А как-то Щеколов восстановил для одного омского музея и вовсе уникум — американский «Ундервуд»
начала минувшего века. За что его, считает, наградили — внесли в музейный список реставраторов. А первой
наградой за его умение была похвала бабушки в теперь далеком уже детстве. Тогда он, уже увлеченный
техническими тайнами различных механизмов и устройств, «заставил» показывать и отбивать время
старинные настенные часы знаменитых в дореволюционной России производителей этой продукции братьев
Ретуновых.
— Месяц над ними мудровал, — не скрыл тогдашних своих трудностей Анатолий Александрович, —
а как бабушка бой часов услышала, так вместе с ней и заплакал. «В молодость ты меня, Толя, вернул!» —
заплакала тогда бабушка…
— Сколько же было вам в ту пору лет, Анатолий Александрович?
— Да взрослым уже был — четырнадцать, — просто ответил он.
Теперь Щеколов — ветеран труда, подрабатывающий к своей невеселой, по его выражению, пенсии
ремонтом ныне редких пишущих машинок. Но, если честно, не только приработок влечет его к ним. Пишущие
машинки, требующие ремонта, дают ему возможность общения с интересными людьми. Он оказывал помощь
многим писателям и журналистам. И не раз убеждался, что по их машинкам, по техническому состоянию этих
отходящих в прошлое механизмов прямо-таки читаются характеры и нужды их владельцев.

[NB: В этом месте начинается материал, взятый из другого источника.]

(* Let $L$ be an infinite set and consider the edged cube $\bar Q_L$. For a basic sequence, the following are equivalent: it is convergent over $f_{\mathrm{solved}}$; it is universally convergent; it is twist-finite.
   Context: Let $L$ be an infinite set, $-L=\{-r:r\in L\}$ a disjoint copy of $L$, and $0$ a new element; $L^\dagger=-L\cup\{0\}\cup L$ with $-(-r)=r$, $-0=0$. Adjoin $\pm\infty$ with $-(+\infty)=-\infty$ and set $\bar L^\dagger=L^\dagger\cup\{\pm\infty\}$. Points of $U=(\bar L^\dagger)^3$ have coordinates $x,y,z$. The edged cube $\bar Q_L$ is the set of cells $(p,i)$ with $p\in U$, $i\in\{x,y,z\}$, $p_i\in\{\pm\infty\}$ ($i$ marks the face of the cell). For $i\in\{x,y,z\}$, $\alpha\in\bar L^\dagger$, the quarter-turn twist $T_{i,\alpha}$ is the permutation of cells fixing every cell whose point $p$ has $p_i\ne\alpha$ and acting on the others by the rotation $T_{x,\alpha}(\alpha,y,z)=(\alpha,-z,y)$, $T_{y,\alpha}(x,\alpha,z)=(z,\alpha,-x)$, $T_{z,\alpha}(x,y,\alpha)=(-y,x,\alpha)$, the marked coordinate being carried along by the rotation. Basic twists are $T,T^2,T^3$ for quarter-turn twists $T$. A basic sequence is a sequence $\langle\sigma_\eta:\eta<\theta\rangle$ of basic twists of ordinal length $\theta$; it is twist-finite if each basic twist occurs in it only finitely many times. A labelling is a map $f$ from cells to $X\cup\{\mathrm{NaC}\}$ for a set $X\not\ni\mathrm{NaC}$; it is legal if it never takes value NaC; a configuration is a labelling with $X$ the six colors red, white, green, orange, yellow, blue. The solved configuration $f_{\mathrm{solved}}$ colors cell $(p,i)$ red, blue, white, orange, green, yellow according as $p_i=+\infty$ with $i=x,y,z$, or $p_i=-\infty$ with $i=x,y,z$. A twist $\sigma$ acts by $(\sigma f)(c)=f(\sigma^{-1}c)$. Applying $\langle\sigma_\eta:\eta<\theta\rangle$ to $f_0$ produces $f_{\eta+1}=\sigma_\eta f_\eta$, and for limit $\lambda\le\theta$, $f_\lambda(c)$ is the eventually constant value of $f_\eta(c)$ ($\eta<\lambda$) if it exists and NaC otherwise; $f_\theta$ is the terminal labelling. The sequence is convergent over $f_0$ if $f_\theta$ is legal, and universally convergent if it is convergent over the identity labelling (each cell labelled by itself). *)

theory Defs
  imports Main
begin

text \<open>Coordinates in the extended set: Pos r = r, Neg r = -r (r in L), Zero = 0,
  PInf = +infinity, NInf = -infinity. The set L is the universe of the type 'l.\<close>
datatype 'l coord = Pos 'l | Neg 'l | Zero | PInf | NInf

fun cneg :: "'l coord \<Rightarrow> 'l coord" where
  "cneg (Pos r) = Neg r"
| "cneg (Neg r) = Pos r"
| "cneg Zero = Zero"
| "cneg PInf = NInf"
| "cneg NInf = PInf"

datatype axis = AX | AY | AZ

type_synonym 'l point = "'l coord \<times> 'l coord \<times> 'l coord"
type_synonym 'l cell = "'l point \<times> axis"

definition coord :: "'l point \<Rightarrow> axis \<Rightarrow> 'l coord" where
  "coord p i = (case i of AX \<Rightarrow> fst p | AY \<Rightarrow> fst (snd p) | AZ \<Rightarrow> snd (snd p))"

definition cells :: "'l cell set" where
  "cells = {c. coord (fst c) (snd c) \<in> {PInf, NInf}}"

fun rot :: "axis \<Rightarrow> 'l point \<Rightarrow> 'l point" where
  "rot AX (a, y, z) = (a, cneg z, y)"
| "rot AY (x, a, z) = (z, a, cneg x)"
| "rot AZ (x, y, a) = (cneg y, x, a)"

text \<open>Where the marked coordinate is carried by the rotation.\<close>
fun rot_axis :: "axis \<Rightarrow> axis \<Rightarrow> axis" where
  "rot_axis AX AX = AX" | "rot_axis AX AY = AZ" | "rot_axis AX AZ = AY"
| "rot_axis AY AX = AZ" | "rot_axis AY AY = AY" | "rot_axis AY AZ = AX"
| "rot_axis AZ AX = AY" | "rot_axis AZ AY = AX" | "rot_axis AZ AZ = AZ"

definition qturn :: "axis \<Rightarrow> 'l coord \<Rightarrow> 'l cell \<Rightarrow> 'l cell" where
  "qturn i \<alpha> c = (if coord (fst c) i = \<alpha> then (rot i (fst c), rot_axis i (snd c)) else c)"

definition basic_twists :: "('l cell \<Rightarrow> 'l cell) set" where
  "basic_twists = {qturn i \<alpha> ^^ k | i \<alpha> k. k \<in> {1, 2, 3}}"

text \<open>Labellings take values in 'x option; None plays the role of NaC.\<close>
definition act :: "('l cell \<Rightarrow> 'l cell) \<Rightarrow> ('l cell \<Rightarrow> 'x option) \<Rightarrow> ('l cell \<Rightarrow> 'x option)" where
  "act \<sigma> f = (\<lambda>c. f (inv \<sigma> c))"

text \<open>A basic sequence of ordinal length theta is represented by an element theta of a
  well-ordered type 'o together with sigma :: 'o => twist, only the values at eta < theta
  mattering. run sigma f0 eta is the labelling f_eta.\<close>
definition run :: "('o::wellorder \<Rightarrow> 'l cell \<Rightarrow> 'l cell) \<Rightarrow> ('l cell \<Rightarrow> 'x option)
    \<Rightarrow> 'o \<Rightarrow> 'l cell \<Rightarrow> 'x option" where
  "run \<sigma> f0 = wfrec {(a, b). a < b} (\<lambda>F \<eta>.
     if \<not> (\<exists>\<xi>. \<xi> < \<eta>) then f0
     else if (\<exists>p<\<eta>. \<forall>q<\<eta>. q \<le> p)
       then act (\<sigma> (THE p. p < \<eta> \<and> (\<forall>q<\<eta>. q \<le> p))) (F (THE p. p < \<eta> \<and> (\<forall>q<\<eta>. q \<le> p)))
     else (\<lambda>c. if (\<exists>v. \<exists>\<xi><\<eta>. \<forall>q. \<xi> \<le> q \<and> q < \<eta> \<longrightarrow> F q c = v)
               then (THE v. \<exists>\<xi><\<eta>. \<forall>q. \<xi> \<le> q \<and> q < \<eta> \<longrightarrow> F q c = v)
               else None))"

definition basic_sequence :: "('o::wellorder \<Rightarrow> 'l cell \<Rightarrow> 'l cell) \<Rightarrow> 'o \<Rightarrow> bool" where
  "basic_sequence \<sigma> \<theta> = (\<forall>\<eta><\<theta>. \<sigma> \<eta> \<in> basic_twists)"

definition twist_finite :: "('o::wellorder \<Rightarrow> 'l cell \<Rightarrow> 'l cell) \<Rightarrow> 'o \<Rightarrow> bool" where
  "twist_finite \<sigma> \<theta> = (\<forall>\<tau>\<in>basic_twists. finite {\<eta>. \<eta> < \<theta> \<and> \<sigma> \<eta> = \<tau>})"

definition convergent_over :: "('o::wellorder \<Rightarrow> 'l cell \<Rightarrow> 'l cell) \<Rightarrow> 'o \<Rightarrow> ('l cell \<Rightarrow> 'x option) \<Rightarrow> bool" where
  "convergent_over \<sigma> \<theta> f0 = (\<forall>c\<in>cells. run \<sigma> f0 \<theta> c \<noteq> None)"

definition universally_convergent :: "('o::wellorder \<Rightarrow> 'l cell \<Rightarrow> 'l cell) \<Rightarrow> 'o \<Rightarrow> bool" where
  "universally_convergent \<sigma> \<theta> = convergent_over \<sigma> \<theta> (\<lambda>c. Some c)"

datatype color = Red | White | Green | Orange | Yellow | Blue

definition f_solved :: "'l cell \<Rightarrow> color option" where
  "f_solved c = Some (
     let v = coord (fst c) (snd c) in
     if v = PInf then (case snd c of AX \<Rightarrow> Red | AY \<Rightarrow> Blue | AZ \<Rightarrow> White)
     else (case snd c of AX \<Rightarrow> Orange | AY \<Rightarrow> Green | AZ \<Rightarrow> Yellow))"

end

theory Submission
  imports Defs
begin

(* If every basic twist occurs only finitely often, each cell is moved by only finitely many
   terms of the sequence (only the twists of the three slices through a cell move it), so below
   every limit each label is eventually constant and the identity labelling stays legal. A
   universally convergent sequence applied to any legal f0 ends in f0 composed with the terminal
   identity labelling.

   Conversely, let \<tau> = T_{i,\<alpha>}^k occur infinitely often and let l \<le> \<theta> be least with
   infinitely many occurrences below it; l is a limit. The cells with all coordinates in
   {\<plusminus>\<alpha>, \<plusminus>\<infinity>} form a finite subcube mapped onto itself by every twist, so convergence
   over f_solved forces the labels there to be legal throughout and eventually constant below l.
   Each of these labellings is f_solved \<circ> \<pi> for a map \<pi> sharing the rigidity properties of
   twists, and an occurrence of \<tau> late below l would leave it unchanged. That is impossible:
   \<tau> moves the cubie at the point with i-coordinate \<alpha> and +\<infinity> elsewhere, and a cubie of the
   subcube is located by its colours together with, for the two edge cubies at r and -r which
   share their colours, an orientation weight preserved by all twists. *)

section \<open>Transfinite runs\<close>

definition is_limit :: "'o::wellorder \<Rightarrow> bool" where
  "is_limit \<eta> \<longleftrightarrow> (\<exists>\<xi>. \<xi> < \<eta>) \<and> \<not> (\<exists>p<\<eta>. \<forall>q<\<eta>. q \<le> p)"

lemma ordinal_cases:
  fixes \<eta> :: "'o::wellorder"
  obtains (zero) "\<not> (\<exists>\<xi>. \<xi> < \<eta>)" | (succ) p where "p < \<eta>" "\<forall>q<\<eta>. q \<le> p" | (limit) "is_limit \<eta>"
  unfolding is_limit_def by blast

lemma limit_above_finite:
  fixes \<eta> :: "'o::wellorder"
  assumes "is_limit \<eta>" "finite M" "\<forall>q\<in>M. q < \<eta>"
  obtains s where "s < \<eta>" "\<forall>q\<in>M. q < s"
proof (cases "M = {}")
  case True
  then show ?thesis using assms(1) that unfolding is_limit_def by blast
next
  case False
  then have "Max M < \<eta>" using assms(2,3) by simp
  then obtain s where "s < \<eta>" "Max M < s" using assms(1) unfolding is_limit_def by (auto simp: not_le)
  then show ?thesis using that assms(2) by (meson Max_ge le_less_trans)
qed

lemma limit_succ_below:
  fixes \<eta> :: "'o::wellorder"
  assumes "is_limit \<eta>" "q < \<eta>"
  obtains s where "q < s" "s < \<eta>" "\<forall>x<s. x \<le> q"
proof -
  define s where "s = (LEAST x. q < x)"
  have "q < s" unfolding s_def using assms(2) by (rule LeastI)
  moreover have "s \<le> \<eta>" unfolding s_def using assms(2) by (rule Least_le)
  moreover have "\<forall>x<s. x \<le> q" unfolding s_def using not_less_Least not_less by blast
  moreover have "s \<noteq> \<eta>" using assms(1) calculation unfolding is_limit_def by blast
  ultimately show ?thesis using that by simp
qed

lemma least_limit_cofinal:
  fixes \<theta> :: "'o::wellorder"
  assumes "infinite {\<eta>. \<eta> < \<theta> \<and> P \<eta>}"
  obtains l where "l \<le> \<theta>" "is_limit l" "\<forall>\<xi><l. \<exists>q\<in>{\<xi>..<l}. P q"
proof -
  define occ where "occ x = {\<eta>. \<eta> < x \<and> P \<eta>}" for x
  define l where "l = (LEAST x. infinite (occ x))"
  have inf_\<theta>: "infinite (occ \<theta>)" using assms by (simp add: occ_def)
  have inf_l: "infinite (occ l)" unfolding l_def by (rule LeastI[of _ \<theta>]) (rule inf_\<theta>)
  have fin_below: "finite (occ x)" if "x < l" for x
    using not_less_Least[OF that[unfolded l_def]] by blast
  have "l \<le> \<theta>" unfolding l_def by (rule Least_le) (rule inf_\<theta>)
  moreover have "is_limit l"
    unfolding is_limit_def
  proof
    show "\<exists>\<xi>. \<xi> < l" using inf_l unfolding occ_def by (metis (no_types) empty_Collect_eq finite.emptyI)
    show "\<not> (\<exists>p<l. \<forall>q<l. q \<le> p)"
    proof
      assume "\<exists>p<l. \<forall>q<l. q \<le> p"
      then obtain p where "p < l" "\<forall>q<l. q \<le> p" by blast
      then have "occ l \<subseteq> insert p (occ p)" unfolding occ_def by (auto simp: order.order_iff_strict)
      then show False using fin_below[OF \<open>p < l\<close>] inf_l by (meson finite_insert finite_subset)
    qed
  qed
  moreover have "\<exists>q\<in>{\<xi>..<l}. P q" if "\<xi> < l" for \<xi>
  proof (rule ccontr)
    assume "\<not> (\<exists>q\<in>{\<xi>..<l}. P q)"
    then have "occ l \<subseteq> occ \<xi>" unfolding occ_def by (auto simp: not_le)
    then show False using fin_below[OF that] inf_l by (meson finite_subset)
  qed
  ultimately show ?thesis using that by blast
qed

— А что вы «прочли» по моей «Москве», Анатолий Александрович? — спросил я Щеколова на
прощание.
— Она надеется, что ее не спрячут снова в кладовку, а поставят рядом с процессором, когда тот
вернется из мастерской, — был ответ.
И я не мог не поверить мастеру, читающему ремонтируемые им механизмы, как книги. И когда за день
до старого Нового года мне вернули из мастерской процессор, я не стал возвращать в кладовку свою дряхлую,
но готовую в любой момент мне понадобиться «Москву». А если она и не понадобится, пусть, все одно, стоит
всегда на виду, как на полках в моей комнате стоят книги, с авторами которых я частенько разговариваю,
пусть многие из них давно или недавно ушли с этой Земли, не вечной и для меня.
ШАПОЧНЫЙ СЕЗОН
Незадолго до Нового года Людмила Ивановна решилась на подарок. Самой себе. На подарок
обыденный, а не гипотетический — вроде большой любви в праздник с нарядной елкой. Сколько, проверила
на себе, ни проси такого подарка, загадывая желание в предновогодние дни, — все впустую…
— А это потому, Людка, что ты много хочешь, — объяснила Валентина, с которой она подружилась,
уже заканчивая институт. Прежде они в упор одна другую не замечали, хотя и поступали на филфак в одном
потоке, и учились в одной группе. — Да к тому же, все бабы на этом желании тронутые, почему и везет
немногим из них. На всех большой любви, сама рассуди, не напасешься…
— Да какие мы бабы, Валька? — обиделась Людмила, тогда двадцатилетняя, как, впрочем, и подругаоднокурсница, с логикой которой в общем-то нельзя было не согласиться.
— А обыкновенные! — вильнув бедрами, выпятила роскошный бюст Валентина. — И нам надо мечтать
не о большой любви, а хотя бы о маленькой. Сечешь?
Copyright ОАО «ЦКБ «БИБКОМ» & ООО «Aгентство Kнига-Cервис»
Не «просечь» — это совсем дурой быть. И Людмила вспыхнула:
— Ладно тебе, Валюха, выставляться. Ты ведь не такая…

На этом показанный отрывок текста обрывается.